# Task item
Return exactly the span of lines that opens with the line containing "(c j 0) = Suc" and closes with the last line of the data, inclusive.

# Exercise inputs

:::::

lemma top_coeff_bracket_0_j_high:
  assumes "c j 0 \<noteq> 0" "2 \<le> a" "a \<le> degree (c j 0) + 1"
  shows "p * of_nat (degree (c j 0) choose a) * lead_coeff (c j 0)
           + p * Delta * of_nat (degree (c j 0) choose (a - 1)) * lead_coeff (c j 0)
         = (of_nat j + p) * coeff (c j (a - 1)) (degree (c j 0) + 1 - a)"
proof -
  define n where "n = degree (c j 0)"
  have top: "coeff (taylor (c j 0) a * [:p * alpha, p:]) (n + 1 - a) = p * of_nat (n choose a) * lead_coeff (c j 0)"
  proof (cases "a = n + 1")
    case False
    then have "n + 1 - a = Suc (n - a)" "Suc (n - a) + a = n + 1" "n - a + a = n"
      using assms(3) n_def by auto
    then show ?thesis
      by (simp add: coeff_mult_linear taylor_coeff coeff_eq_0 n_def)
  qed (simp add: coeff_mult_linear taylor_coeff coeff_eq_0 n_def)
  have top_1: "coeff (taylor (c j 0) (a - 1) * [:p * Delta:]) (n + 1 - a)
      = p * Delta * of_nat (n choose (a - 1)) * lead_coeff (c j 0)"
  proof -
    have "n + 1 - a + (a - 1) = n"
      using assms(2,3) n_def by auto
    then show ?thesis
      by (simp add: taylor_coeff n_def)
  qed
  have "(of_nat j + p) * coeff (c j (a - 1)) (n + 1 - a)
      = coeff (taylor (c j 0) a * [:p * alpha, p:] + taylor (c j 0) (a - 1) * [:p * Delta:]) (n + 1 - a)"
    unfolding bracket_0_j_high[OF assms(2)] by simp
  also have "\<dots> = p * of_nat (n choose a) * lead_coeff (c j 0)
                   + p * Delta * of_nat (n choose (a - 1)) * lead_coeff (c j 0)"
    unfolding coeff_add top top_1 ..
  finally show ?thesis
    unfolding n_def by simp
qed

lemma top_coeff_bracket_0_j_2:
  assumes "c j 0 \<noteq> 0" "degree (c j 0) = Suc t + b"
  shows "p * of_nat (Suc t choose 2) * coeff (c j b) (Suc t) + p * Delta * of_nat (Suc t) * coeff (c j b) (Suc t)
         = ((of_nat j + p) * of_nat (Suc b) - (if 0 < b then p * of_nat (Suc b choose 2) else 0))
           * coeff (c j (Suc b)) t"
proof -
  have top: "coeff (taylor (c j b) 2 * [:p * alpha, p:]) t = p * of_nat (Suc t choose 2) * coeff (c j b) (Suc t)"
  proof (cases t)
    case 0
    then show ?thesis
      using coeff_c_eq_0[OF assms(1), of 2 b] assms(2)
      by (simp add: coeff_mult_linear taylor_coeff binomial_eq_0 numeral_2_eq_2)
  next
    case (Suc t')
    then show ?thesis
      using coeff_c_eq_0[OF assms(1), of "t + 2" b] assms(2)
      by (simp add: coeff_mult_linear taylor_coeff numeral_2_eq_2)
  qed
  have top_1: "coeff (pderiv (c j b) * [:p * Delta:]) t = p * Delta * of_nat (Suc t) * coeff (c j b) (Suc t)"
    by (simp add: coeff_pderiv)
  have "coeff (taylor (c j b) 2 * [:p * alpha, p:] + pderiv (c j b) * [:p * Delta:]) t
      = ((of_nat j + p) * of_nat (Suc b) - (if 0 < b then p * of_nat (Suc b choose 2) else 0))
        * coeff (c j (Suc b)) t"
    unfolding bracket_0_j_2 by (simp add: algebra_simps)
  then show ?thesis
    unfolding coeff_add top top_1 .
qed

:::::

# Answer below
  assumes "c j 0 \<noteq> 0" "degree (c j 0) = Suc t + b"
  shows "p * of_nat (Suc t choose 2) * coeff (c j b) (Suc t) + p * Delta * of_nat (Suc t) * coeff (c j b) (Suc t)
         = ((of_nat j + p) * of_nat (Suc b) - (if 0 < b then p * of_nat (Suc b choose 2) else 0))
           * coeff (c j (Suc b)) t"
proof -
  have top: "coeff (taylor (c j b) 2 * [:p * alpha, p:]) t = p * of_nat (Suc t choose 2) * coeff (c j b) (Suc t)"
  proof (cases t)
    case 0
    then show ?thesis
      using coeff_c_eq_0[OF assms(1), of 2 b] assms(2)
      by (simp add: coeff_mult_linear taylor_coeff binomial_eq_0 numeral_2_eq_2)
  next
    case (Suc t')
    then show ?thesis
      using coeff_c_eq_0[OF assms(1), of "t + 2" b] assms(2)
      by (simp add: coeff_mult_linear taylor_coeff numeral_2_eq_2)
  qed
  have top_1: "coeff (pderiv (c j b) * [:p * Delta:]) t = p * Delta * of_nat (Suc t) * coeff (c j b) (Suc t)"
    by (simp add: coeff_pderiv)
  have "coeff (taylor (c j b) 2 * [:p * alpha, p:] + pderiv (c j b) * [:p * Delta:]) t
      = ((of_nat j + p) * of_nat (Suc b) - (if 0 < b then p * of_nat (Suc b choose 2) else 0))
        * coeff (c j (Suc b)) t"
    unfolding bracket_0_j_2 by (simp add: algebra_simps)
  then show ?thesis
    unfolding coeff_add top top_1 .
qed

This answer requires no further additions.